(* Linearization errors vanish: if a n and b n stay in a ball, a n - b n -> 0 and s n are
   subgradients at b n, then h (a n) - h (b n) - <s n, a n - b n> -> 0.  This is what
   drives w to 0 when only null steps occur. *)
lemma linearization_error_tendsto_zero:
  fixes h :: "'a::euclidean_space \<Rightarrow> real"
  assumes hc: "continuous_on UNIV h"
    and a: "\<And>n. a n \<in> cball x R" and b: "\<And>n. b n \<in> cball x R"
    and ab: "(\<lambda>n. a n - b n) \<longlonglongrightarrow> 0"
    and sub: "\<And>n \<beta>. h \<beta> \<ge> h (b n) + s n \<bullet> (\<beta> - b n)"
  shows "(\<lambda>n. h (a n) - h (b n) - s n \<bullet> (a n - b n)) \<longlonglongrightarrow> 0"
proof -
  have "uniformly_continuous_on (cball x R) h"
    by (intro compact_uniformly_continuous continuous_on_subset[OF hc]) auto
  moreover have "(\<lambda>n. dist (a n) (b n)) \<longlonglongrightarrow> 0"
    using ab by (simp add: dist_norm tendsto_norm_zero_iff)
  ultimately have "(\<lambda>n. dist (h (a n)) (h (b n))) \<longlonglongrightarrow> 0"
    using a b unfolding uniformly_continuous_on_sequentially by blast
  hence hdiff: "(\<lambda>n. h (a n) - h (b n)) \<longlonglongrightarrow> 0"
    by (simp add: dist_real_def tendsto_rabs_zero_iff)
  obtain M where "\<forall>y s. y \<in> cball x R \<longrightarrow> (\<forall>\<beta>. h \<beta> \<ge> h y + s \<bullet> (\<beta> - y)) \<longrightarrow> norm s \<le> M"
    using subgrad_norm_bounded[OF hc] by blast
  hence M: "norm (s n) \<le> M" for n
    using b[of n] sub[of n] by blast
  have le: "norm (s n \<bullet> (a n - b n)) \<le> M * norm (a n - b n)" for n
  proof -
    have "norm (s n \<bullet> (a n - b n)) \<le> norm (s n) * norm (a n - b n)"
      using Cauchy_Schwarz_ineq2 by simp
    also have "\<dots> \<le> M * norm (a n - b n)" by (intro mult_right_mono M) auto
    finally show ?thesis .
  qed
  have "(\<lambda>n. M * norm (a n - b n)) \<longlonglongrightarrow> 0"
    by (rule tendsto_mult_right_zero[OF tendsto_norm_zero[OF ab]])
  hence "(\<lambda>n. s n \<bullet> (a n - b n)) \<longlonglongrightarrow> 0"
    by (rule Lim_null_comparison[OF always_eventually, rotated]) (use le in blast)
  from tendsto_diff[OF hdiff this] show ?thesis by simp
qed
definition matroid :: "'a set \<Rightarrow> ('a set \<Rightarrow> bool) \<Rightarrow> bool" where
  "matroid E indep \<longleftrightarrow>
     finite E \<and> indep {} \<and>
     (\<forall>I. indep I \<longrightarrow> I \<subseteq> E) \<and>
     (\<forall>I J. indep J \<and> I \<subseteq> J \<longrightarrow> indep I) \<and>
     (\<forall>I J. indep I \<and> indep J \<and> card I < card J \<longrightarrow>
        (\<exists>x \<in> J - I. indep (insert x I)))"

definition mrank :: "('a set \<Rightarrow> bool) \<Rightarrow> 'a set \<Rightarrow> nat" where
  "mrank indep X = Max (card ` {I. I \<subseteq> X \<and> indep I})"

definition matroid_rank :: "'a set \<Rightarrow> ('a set \<Rightarrow> bool) \<Rightarrow> nat" where
  "matroid_rank E indep = mrank indep E"

definition mclosure :: "'a set \<Rightarrow> ('a set \<Rightarrow> bool) \<Rightarrow> 'a set \<Rightarrow> 'a set" where
  "mclosure E indep X = {e \<in> E. mrank indep (insert e X) = mrank indep X}"

definition flat :: "'a set \<Rightarrow> ('a set \<Rightarrow> bool) \<Rightarrow> 'a set \<Rightarrow> bool" where
  "flat E indep X \<longleftrightarrow> X \<subseteq> E \<and> mclosure E indep X = X"

definition claw :: "'a set \<Rightarrow> ('a set \<Rightarrow> bool) \<Rightarrow> 'a set \<Rightarrow> bool" where
  "claw E indep X \<longleftrightarrow> flat E indep X \<and> indep X"

definition loopless :: "'a set \<Rightarrow> ('a set \<Rightarrow> bool) \<Rightarrow> bool" where
  "loopless E indep \<longleftrightarrow> (\<forall>e \<in> E. indep {e})"

definition circuit :: "'a set \<Rightarrow> ('a set \<Rightarrow> bool) \<Rightarrow> 'a set \<Rightarrow> bool" where
  "circuit E indep C \<longleftrightarrow> C \<subseteq> E \<and> \<not> indep C \<and> (\<forall>x \<in> C. indep (C - {x}))"

text \<open>M is the direct sum of k circuits C 0, ..., C (k-1) (pairwise disjoint circuits of M)
  and a set K of coloops: the ground set is the disjoint union of the C i and K, and
  a set is independent iff it is independent in each summand, i.e. it is a subset of E
  containing none of the C i entirely (a circuit matroid on C has as independent sets
  exactly the proper subsets of C; a coloop is free).\<close>
definition direct_sum_circuits_coloops ::
  "'a set \<Rightarrow> ('a set \<Rightarrow> bool) \<Rightarrow> nat \<Rightarrow> bool" where
  "direct_sum_circuits_coloops E indep k \<longleftrightarrow>
     (\<exists>(C :: nat \<Rightarrow> 'a set) (K :: 'a set).
        (\<forall>i<k. circuit E indep (C i)) \<and>
        (\<forall>i<k. \<forall>j<k. i \<noteq> j \<longrightarrow> C i \<inter> C j = {}) \<and>
        (\<forall>i<k. C i \<inter> K = {}) \<and>
        E = (\<Union>i<k. C i) \<union> K \<and>
        (\<forall>I. indep I \<longleftrightarrow> I \<subseteq> E \<and> (\<forall>i<k. \<not> C i \<subseteq> I)))"

end

theory Submission
  imports Defs
begin

text \<open>Fix a basis B. For e outside B, let D(e) \<subseteq> B be its fundamental circuit without e;
  D(e) is nonempty since M is loopless. A subset of B containing no D(e) is a claw, so for
  every choice f(e) \<in> D(e) the claw B - f(E - B) has at most t elements, which gives
  r - |E - B| \<le> t. If equality holds, f can never be chosen non-injective, so the sets D(e)
  are pairwise disjoint. Then the fundamental circuits do not interfere under basis exchange,
  and a set is independent iff it contains none of them.\<close>

lemma direct_sum_circuits_coloopsI:
  assumes subset_ground: "\<And>i. i < k \<Longrightarrow> C i \<subseteq> E"
    and nonempty: "\<And>i. i < k \<Longrightarrow> C i \<noteq> {}"
    and disjoint: "\<And>i j. i < k \<Longrightarrow> j < k \<Longrightarrow> i \<noteq> j \<Longrightarrow> C i \<inter> C j = {}"
    and indep_iff: "\<And>I. indep I \<longleftrightarrow> I \<subseteq> E \<and> (\<forall>i<k. \<not> C i \<subseteq> I)"
  shows "direct_sum_circuits_coloops E indep k"
proof -
  have "circuit E indep (C i)" if i: "i < k" for i
    unfolding circuit_def
  proof (intro conjI ballI)
    show "C i \<subseteq> E" "\<not> indep (C i)"
      using i subset_ground indep_iff by auto
    fix y assume "y \<in> C i"
    then have "\<not> C j \<subseteq> C i - {y}" if "j < k" for j
      using disjoint[OF i that] nonempty[OF that] by (cases "j = i") auto
    then show "indep (C i - {y})"
      using indep_iff subset_ground[OF i] by blast
  qed
  then show ?thesis
    unfolding direct_sum_circuits_coloops_def using disjoint subset_ground indep_iff
    by (intro exI[of _ C] exI[of _ "E - (\<Union>i<k. C i)"]) (auto dest: subsetD[OF subset_ground])
qed

lemma card_insert_Diff_singleton:
  assumes "finite B" "b \<in> B" "e \<notin> B"
  shows "card (insert e (B - {b})) = card B"
proof -
  have "card (insert e (B - {b})) = Suc (card (B - {b}))"
    using assms by (intro card_insert_disjoint) auto
  also have "\<dots> = card B"
    using assms(1,2) by (rule card.remove[symmetric])
  finally show ?thesis .
qed

locale fin_matroid =
  fixes E :: "'a set" and indep :: "'a set \<Rightarrow> bool"
  assumes matroid: "matroid E indep"
begin

lemma finite_ground: "finite E"
  using matroid unfolding matroid_def by blast

lemma indep_empty: "indep {}"
  using matroid unfolding matroid_def by blast

lemma indep_subset_ground: "indep I \<Longrightarrow> I \<subseteq> E"
  using matroid unfolding matroid_def by blast

lemma indep_subset: "indep J \<Longrightarrow> I \<subseteq> J \<Longrightarrow> indep I"
  using matroid unfolding matroid_def by blast

lemma indep_augment:
  "indep I \<Longrightarrow> indep J \<Longrightarrow> card I < card J \<Longrightarrow> \<exists>x\<in>J - I. indep (insert x I)"
  using matroid unfolding matroid_def by blast

lemma indep_finite: "indep I \<Longrightarrow> finite I"
  using finite_ground indep_subset_ground finite_subset by blast

lemma finite_card_indep_subsets:
  assumes "X \<subseteq> E"
  shows "finite (card ` {I. I \<subseteq> X \<and> indep I})"
proof -
  have "finite (Pow X)"
    using assms finite_ground finite_subset by blast
  then show ?thesis
    by (rule finite_imageI[OF finite_subset, rotated]) auto
qed

lemma card_le_mrank: "X \<subseteq> E \<Longrightarrow> indep I \<Longrightarrow> I \<subseteq> X \<Longrightarrow> card I \<le> mrank indep X"
  unfolding mrank_def using finite_card_indep_subsets by (intro Max_ge) auto

lemma mrank_attained:
  assumes "X \<subseteq> E"
  obtains I where "I \<subseteq> X" "indep I" "card I = mrank indep X"
proof -
  have "mrank indep X \<in> card ` {I. I \<subseteq> X \<and> indep I}"
    unfolding mrank_def using finite_card_indep_subsets[OF assms] indep_empty
    by (intro Max_in) auto
  then show ?thesis
    using that by auto
qed
lemma lkQ_le_iff: "lkQ I h B V s \<le> c \<longleftrightarrow> (\<forall>\<phi>. batch_return I h B V s \<phi> \<le> c)"
  unfolding lkQ_eq_Max_batch_return using finite_range_batch_return[of I h B V s] by simp

lemma lkQ_mono_offset:
  assumes "\<And>x. V x \<le> W x + c"
  shows "lkQ I h B V s \<le> lkQ I h B W s + c"
  unfolding lkQ_le_iff
proof
  fix \<phi>
  have "batch_return I h B V s \<phi> \<le> batch_return I h B W s \<phi> + c"
    using assms by (simp add: batch_return_def)
  then show "batch_return I h B V s \<phi> \<le> lkQ I h B W s + c"
    using batch_return_le_lkQ[of I h B W s \<phi>] by linarith
qed

lemma lkQ_mono: "(\<And>x. V x \<le> W x) \<Longrightarrow> lkQ I h B V s \<le> lkQ I h B W s"
  using lkQ_mono_offset[of V W 0] by simp

lemma lkQ_bounds:
  assumes "\<And>t x a. t \<in> {h..<h + B} \<Longrightarrow> fst (I t x a) \<in> {0..1}"
    and "\<And>x. V x \<in> {0..c}"
  shows "lkQ I h B V s \<in> {0..real B + c}"
proof -
  have return_bounds: "0 \<le> batch_return I h B V s \<phi> \<and> batch_return I h B V s \<phi> \<le> real B + c"
    for \<phi>
  proof -
    have rew_bounds: "0 \<le> rew I \<phi> h s j \<and> rew I \<phi> h s j \<le> 1" if "j \<in> {..<B}" for j
      using that assms(1)[of "h + j"] by (simp add: rew_def)
    have "0 \<le> (\<Sum>j<B. rew I \<phi> h s j)"
      using rew_bounds by (intro sum_nonneg) blast
    moreover have "(\<Sum>j<B. rew I \<phi> h s j) \<le> real B"
      using rew_bounds sum_bounded_above[of "{..<B}" "rew I \<phi> h s" 1] by simp
    moreover have "0 \<le> V (traj I \<phi> h s B) \<and> V (traj I \<phi> h s B) \<le> c"
      using assms(2) by simp
    ultimately show ?thesis
      unfolding batch_return_def by linarith
  qed
  then have "lkQ I h B V s \<le> real B + c"
    unfolding lkQ_le_iff by blast
  moreover have "0 \<le> lkQ I h B V s"
    using return_bounds[of undefined] batch_return_le_lkQ[of I h B V s undefined] by linarith
  ultimately show ?thesis
    by simp
qed

lemma vtab_stable: "j \<le> d \<Longrightarrow> vtab F l H d j = vtab F l H j j"
  by (induction d) (auto simp: le_Suc_eq)

lemma bvalue_last: "bvalue F l H (H + 1) = (\<lambda>s. 0)"
  by (simp add: bvalue_def)

lemma bvalue_rec:
  assumes "1 \<le> h" "h \<le> H"
  shows "bvalue F l H h s = Max ((\<lambda>B. F h B (bvalue F l H (h + B)) s) ` {1..ell_h l H h})"
proof -
  define d where "d = H - h"
  have d: "H + 1 - h = Suc d" "H - d = h" "Suc H - h = Suc d" "ell_h l H h = min l (Suc d)"
    using assms by (auto simp: d_def ell_h_def)
  have "vtab F l H d (Suc d - B) = bvalue F l H (h + B)" if "B \<in> {1..min l (Suc d)}" for B
  proof -
    have "H + 1 - (h + B) = Suc d - B"
      using d(1) by simp
    then show ?thesis
      using that by (auto simp: bvalue_def intro!: vtab_stable)
  qed
  then have "(\<lambda>B. F h B (vtab F l H d (Suc d - B)) s) ` {1..min l (Suc d)}
      = (\<lambda>B. F h B (bvalue F l H (h + B)) s) ` {1..ell_h l H h}"
    unfolding d(4) by (intro image_cong) auto
  then show ?thesis
    by (simp add: bvalue_def d(1-3))
qed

════════════════

INSTRUCTIONS FOR THE TASK -> Print again the lines of the entries above that fall between the line holding "using that by auto" and the line holding "W x) \<Longrightarrow>", inclusive, exactly as they stand.

YOUR SOLUTION ->
    using that by auto
qed
lemma lkQ_le_iff: "lkQ I h B V s \<le> c \<longleftrightarrow> (\<forall>\<phi>. batch_return I h B V s \<phi> \<le> c)"
  unfolding lkQ_eq_Max_batch_return using finite_range_batch_return[of I h B V s] by simp

lemma lkQ_mono_offset:
  assumes "\<And>x. V x \<le> W x + c"
  shows "lkQ I h B V s \<le> lkQ I h B W s + c"
  unfolding lkQ_le_iff
proof
  fix \<phi>
  have "batch_return I h B V s \<phi> \<le> batch_return I h B W s \<phi> + c"
    using assms by (simp add: batch_return_def)
  then show "batch_return I h B V s \<phi> \<le> lkQ I h B W s + c"
    using batch_return_le_lkQ[of I h B W s \<phi>] by linarith
qed

lemma lkQ_mono: "(\<And>x. V x \<le> W x) \<Longrightarrow> lkQ I h B V s \<le> lkQ I h B W s"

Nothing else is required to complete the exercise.